Maker Pro
Maker Pro

Slow vs Fast Multi Dimensional Array Access Index Order.

S

Skybuck Flying

Hello,

When accessing a multi dimensional array it can be done in different index
orders for example:

// slow:
for x:=0 to 199 do
for y:= 0 to 199 do
for z:= 0 to 199 do
array[z,y,x] := ...;

// 4x times faster:
for x:=0 to 199 do
for y:= 0 to 199 do
for z:= 0 to 199 do
array[x,y,z] := ...;

Test system is AMD X2 3800+ with Windows XP x64 Pro Edition, Code compiled
with Borland Delphi 2006 Win32.

I read about different row and column access times for memory chips, and
some time ago somebody mentioned communication between cpu and processor is
faster for sequential memory access...I thought it was fun to write a speed
test program to investigate this.
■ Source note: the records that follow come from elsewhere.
fun channels_chain :: "nat \<Rightarrow> layer list \<Rightarrow> nat \<Rightarrow> bool" where
  "channels_chain c [] c' \<longleftrightarrow> c = c'"
| "channels_chain c ((a, b, K, bias) # Ls) c' \<longleftrightarrow> a = c \<and> channels_chain b Ls c'"

lemma channels_chain_append:
  "channels_chain c (Ls @ Ms) c'' \<longleftrightarrow> (\<exists>c'. channels_chain c Ls c' \<and> channels_chain c' Ms c'')"
  by (induction c Ls c'' rule: channels_chain.induct) auto

lemma channels_chain_replicate: "channels_chain c (replicate r (c, c, K, bias)) c"
  by (induction r) auto

lemma channels_chain_links:
  "channels_chain c Ls c' \<Longrightarrow> Ls \<noteq> [] \<Longrightarrow>
     layer_cin (hd Ls) = c \<and> layer_cout (last Ls) = c' \<and>
     (\<forall>j. Suc j < length Ls \<longrightarrow> layer_cout (Ls ! j) = layer_cin (Ls ! Suc j))"
proof (induction c Ls c' rule: channels_chain.induct)
  case (2 c a b K bias Ls c')
  show ?case
  proof (cases "Ls = []")
    case True
    then show ?thesis using 2 by (simp add: layer_cin_def layer_cout_def)
  next
    case False
    with 2 have IH: "layer_cin (hd Ls) = b \<and> layer_cout (last Ls) = c' \<and>
        (\<forall>j. Suc j < length Ls \<longrightarrow> layer_cout (Ls ! j) = layer_cin (Ls ! Suc j))"
      by simp
    have "layer_cout (((a, b, K, bias) # Ls) ! j) = layer_cin (((a, b, K, bias) # Ls) ! Suc j)"
      if "Suc j < length ((a, b, K, bias) # Ls)" for j
      using IH that False by (cases j) (auto simp: layer_cout_def hd_conv_nth)
    with IH False 2 show ?thesis by (simp add: layer_cin_def)
  qed
qed simp
lemma transition_path_adj_diag:
  assumes "u < n"
  shows "transition n (path_adj n) t u u =
    of_real (\<Sum>j\<in>{1..n}. path_weight n u j * cos (t * path_eigenvalue n j))"
proof -
  have "(\<Sum>j\<in>{1..n}. path_weight n u j * sin (t * path_eigenvalue n j)) =
      (\<Sum>j\<in>{1..n}. path_weight n u (n + 1 - j) * sin (t * path_eigenvalue n (n + 1 - j)))"
    by (rule sum.atLeastAtMost_rev)
  also have "\<dots> = - (\<Sum>j\<in>{1..n}. path_weight n u j * sin (t * path_eigenvalue n j))"
    by (simp add: path_eigenvalue_reflect path_weight_reflect sum_negf)
  finally have "(\<Sum>j\<in>{1..n}. path_weight n u j * sin (t * path_eigenvalue n j)) = 0"
    by simp
  then show ?thesis
    unfolding transition_path_adj[OF assms]
    by (intro complex_eqI) (simp_all add: Re_exp Im_exp)
qed

section \<open>Eigenvalues and weights\<close>

lemma path_angle_bounds:
  assumes "1 \<le> k" "k \<le> n"
  shows "0 < path_angle n k \<and> path_angle n k < pi"
proof -
  have "pi * real k < pi * real (Suc n)"
    using assms by simp
  then show ?thesis
    using assms by (simp add: path_angle_def pos_divide_less_eq del: of_nat_Suc)
qed

lemma path_angle_mult_commute: "path_angle n j * real m = path_angle n m * real j"
  by (simp add: path_angle_def)

lemma abs_path_eigenvalue_less: "k \<in> {1..n} \<Longrightarrow> \<bar>path_eigenvalue n k\<bar> < 2"
proof -
  assume "k \<in> {1..n}"
  then have "sin (path_angle n k) > 0"
    using path_angle_bounds[of k n] by (intro sin_gt_zero) auto
  then have "(cos (path_angle n k))\<^sup>2 < 1"
    using sin_cos_squared_add[of "path_angle n k"] zero_less_power[of "sin (path_angle n k)" 2] by linarith
  then show ?thesis
    by (simp add: path_eigenvalue_def abs_square_less_1)
qed

lemma inj_on_path_eigenvalue: "inj_on (path_eigenvalue n) {1..n}"
proof (rule inj_onI)
  fix k l assume "k \<in> {1..n}" "l \<in> {1..n}" "path_eigenvalue n k = path_eigenvalue n l"
  then have "path_angle n k = path_angle n l"
    using path_angle_bounds[of k n] path_angle_bounds[of l n]
      cos_inj_pi[of "path_angle n k" "path_angle n l"] by (auto simp: path_eigenvalue_def)
  then show "k = l"
    by (simp add: path_angle_def del: of_nat_Suc)
qed

lemma path_eigenvalue_eq_0_iff:
  assumes "k \<in> {1..n}"
  shows "path_eigenvalue n k = 0 \<longleftrightarrow> 2 * k = Suc n"
proof -
  have "path_eigenvalue n k = 0 \<longleftrightarrow> cos (path_angle n k) = cos (pi / 2)"
    by (simp add: path_eigenvalue_def)
  also have "\<dots> \<longleftrightarrow> path_angle n k = pi / 2"
  proof
    assume "cos (path_angle n k) = cos (pi / 2)"
    then show "path_angle n k = pi / 2"
      using path_angle_bounds[of k n] assms cos_inj_pi[of "path_angle n k" "pi / 2"] by auto
  qed (erule arg_cong)
  also have "\<dots> \<longleftrightarrow> real (2 * k) = real (Suc n)"
    by (simp add: path_angle_def field_simps del: of_nat_Suc)
  finally show ?thesis
    by (simp only: of_nat_eq_iff)
qed

lemma path_eigenvalue_ge_1:
  assumes "3 * j \<le> Suc n"
  shows "path_eigenvalue n j \<ge> 1"
proof -
  have "path_angle n j \<le> pi / 3"
    using assms by (simp add: path_angle_def field_simps del: of_nat_Suc)
  then have "cos (pi / 3) \<le> cos (path_angle n j)"
    by (intro cos_monotone_0_pi_le) (auto simp: path_angle_def)
  then show ?thesis
    by (simp add: path_eigenvalue_def cos_60)
qed

lemma path_weight_nonneg: "path_weight n u k \<ge> 0"
  by (simp add: path_weight_def)

lemma path_weight_le: "path_weight n u k \<le> 2 / real (Suc n)"
  unfolding path_weight_def path_eigenvector_def by (rule mult_left_le) (auto simp: abs_square_le_1)

lemma sum_path_weight:
  assumes "u < n"
  shows "(\<Sum>k\<in>{1..n}. path_weight n u k) = 1"
proof -
  have "(\<Sum>k\<in>{1..n}. path_weight n u k) =
      2 / real (Suc n) * (\<Sum>k\<in>{1..n}. path_eigenvector n k u * path_eigenvector n k u)"
    by (simp add: path_weight_def power2_eq_square sum_distrib_left)
  also have "\<dots> = 1"
    by (simp only: path_eigenvector_orthogonal[OF assms assms]) (simp del: of_nat_Suc)
  finally show ?thesis .
qed

lemma exists_multiple_in_middle_half:
  fixes N b :: nat
  assumes "even N" "4 \<le> N" "1 \<le> b" "2 * b \<le> N"
  obtains j where "1 \<le> j" "3 * j \<le> N" "N \<le> 4 * (j * b)" "4 * (j * b) \<le> 3 * N"
proof (cases "N \<le> 4 * b")
  case True
  then show ?thesis
    using assms by (intro that[of 1]) auto
next
  case False
  define j where "j = (LEAST j. N \<le> 4 * (j * b))"
  have j: "N \<le> 4 * (j * b)"
    unfolding j_def by (rule LeastI[of _ N]) (use assms in simp)
  then obtain i where i: "j = Suc i"
    using assms by (cases j) auto
  then have "i < j"
    by simp
  then have "\<not> N \<le> 4 * (i * b)"
    unfolding j_def by (rule not_less_Least)
  then have i_less: "4 * (i * b) < N"
    by simp
  moreover have "i \<le> i * b"
    using assms by simp
  ultimately have "4 * j < N + 4"
    using i by linarith
  then have "3 * j \<le> N"
    using assms(1,2) by presburger
  moreover have "4 * (j * b) \<le> 3 * N"
    using i_less i False by simp
  ultimately show ?thesis
    using j i by (intro that[of j]) auto
qed

lemma exists_heavy_path_weight:
  assumes "even (Suc n)" "3 \<le> n" "u < n"
  obtains j where "1 \<le> j" "3 * j \<le> Suc n" "1 / real (Suc n) \<le> path_weight n u j"
proof -
  define b where "b = min (Suc u) (Suc n - Suc u)"
  have b: "1 \<le> b" "2 * b \<le> Suc n"
    using assms by (auto simp: b_def min_def)
  obtain j where j: "1 \<le> j" "3 * j \<le> Suc n" "Suc n \<le> 4 * (j * b)" "4 * (j * b) \<le> 3 * Suc n"
    using exists_multiple_in_middle_half[OF assms(1) _ b] assms(2) by auto
  have angle: "path_angle n j * real b = pi * real (j * b) / real (Suc n)"
    by (simp add: path_angle_def)
  moreover have "pi / 4 \<le> pi * real (j * b) / real (Suc n)" "pi * real (j * b) / real (Suc n) \<le> 3 * pi / 4"
    using j(3,4) by (simp_all add: field_simps del: of_nat_Suc of_nat_mult) (simp_all flip: of_nat_mult)
  ultimately have "1 / 2 \<le> (sin (path_angle n j * real b))\<^sup>2"
    by (simp only: angle sin_squared_ge_half)
  moreover have "(sin (path_angle n j * real b))\<^sup>2 = (sin (path_angle n j * real (Suc u)))\<^sup>2"
  proof (cases "b = Suc u")
    case False
    then have "Suc u = Suc n - b" "b \<le> Suc n"
      using assms by (auto simp: b_def)
    then show ?thesis
      by (simp only: path_angle_mult_commute[of n j] sin_mult_path_angle_reflect)
  qed simp
  ultimately have "1 / real (Suc n) \<le> path_weight n u j"
    by (simp add: path_weight_def path_eigenvector_def field_simps del: of_nat_Suc)
  then show ?thesis
    using j by (intro that) auto
qed

lemma exists_path_eigenvalue_outweighing_0:
  assumes "3 \<le> n" "u < n"
  obtains j where "j \<in> {1..n}" "1 \<le> path_eigenvalue n j"
    "(\<Sum>k\<in>{k\<in>{1..n}. path_eigenvalue n k = 0}. path_weight n u k) \<le> 2 * path_weight n u j"
proof (cases "even (Suc n)")
  case True
  obtain j where j: "1 \<le> j" "3 * j \<le> Suc n" "1 / real (Suc n) \<le> path_weight n u j"
    using exists_heavy_path_weight[OF True assms] .
  have "{k\<in>{1..n}. path_eigenvalue n k = 0} = {Suc n div 2}"
    using True assms by (auto simp: path_eigenvalue_eq_0_iff)
  then have "(\<Sum>k\<in>{k\<in>{1..n}. path_eigenvalue n k = 0}. path_weight n u k) \<le> 2 / real (Suc n)"
    by (simp add: path_weight_le del: of_nat_Suc)
  also have "\<dots> \<le> 2 * path_weight n u j"
    using j(3) by (simp add: field_simps del: of_nat_Suc)
  finally show ?thesis
    using j by (intro that[of j] path_eigenvalue_ge_1) auto
next
  case False
  then have no_zero: "{k\<in>{1..n}. path_eigenvalue n k = 0} = {}"
    by (auto simp: path_eigenvalue_eq_0_iff, presburger)
  show ?thesis
  proof (rule that[of 1])
    show "(\<Sum>k\<in>{k\<in>{1..n}. path_eigenvalue n k = 0}. path_weight n u k) \<le> 2 * path_weight n u 1"
      unfolding no_zero by (simp add: path_weight_nonneg)
  qed (use assms in \<open>auto intro: path_eigenvalue_ge_1\<close>)
qed

theorem theorem43:
  fixes n u :: nat
  assumes "n \<ge> 3" and "u < n"
  shows "\<not> sedentary n (path_adj n) u \<and>
         (INF t\<in>{0<..}. norm (transition n (path_adj n) t u u)) = 0"
proof -
  obtain j where j: "j \<in> {1..n}" "1 \<le> path_eigenvalue n j"
    "(\<Sum>k\<in>{k\<in>{1..n}. path_eigenvalue n k = 0}. path_weight n u k) \<le> 2 * path_weight n u j"
    using exists_path_eigenvalue_outweighing_0 assms by blast
  have "(INF t\<in>{0<..}. norm (transition n (path_adj n) t u u)) =
      (INF t\<in>{0<..}. \<bar>\<Sum>k\<in>{1..n}. path_weight n u k * cos (t * path_eigenvalue n k)\<bar>)"
    by (simp only: transition_path_adj_diag[OF assms(2)] norm_of_real)
  also have "\<dots> = 0"
  proof (rule INF_abs_cos_poly_eq_0[of _ _ j "Suc n - j" "path_eigenvalue n j"])
    show "\<bar>path_eigenvalue n k\<bar> < 2 * path_eigenvalue n j" if "k \<in> {1..n}" for k
      using abs_path_eigenvalue_less[OF that] j(2) by linarith
    show "(\<Sum>k\<in>{k\<in>{1..n}. path_eigenvalue n k = 0}. path_weight n u k) \<le>
        path_weight n u j + path_weight n u (Suc n - j)"
      using j by (simp add: path_weight_reflect)
    show "inj_on (path_eigenvalue n) {1..n}"
      by (rule inj_on_path_eigenvalue)
    show "0 < (\<Sum>k\<in>{1..n}. path_weight n u k)"
      using sum_path_weight[OF assms(2)] by simp
  qed (use j in \<open>auto simp: path_eigenvalue_reflect\<close>)
  finally show ?thesis
    by (auto simp: sedentary_def)
qed

end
I wrote a test program to try out all
index order combinations for four and three dimensional arrays and there is
indeed a substantial timing difference.

More information on this would be nice...

Bye,
Skybuck.
 
A

Ancient_Hacker

A couple issues with your tests:

(1) Delphi is a wonderful development system, but the compiler doesnt
do all that much optimization.

(2) If you switch to a heavitly optimizing compiler, such as Microsoft
C, the compiler might notice you never use any of the values you store,
and it will even optimize out the store loop!

(3) CPU cache size will have a huge effect on the loop speed. if you
access the array in the order the stuff is stored in memory you can get
a 4x speedup quite easily.
 
S

Skybuck Flying

Ancient_Hacker said:
A couple issues with your tests:

(1) Delphi is a wonderful development system, but the compiler doesnt
do all that much optimization.

(2) If you switch to a heavitly optimizing compiler, such as Microsoft
C, the compiler might notice you never use any of the values you store,
and it will even optimize out the store loop!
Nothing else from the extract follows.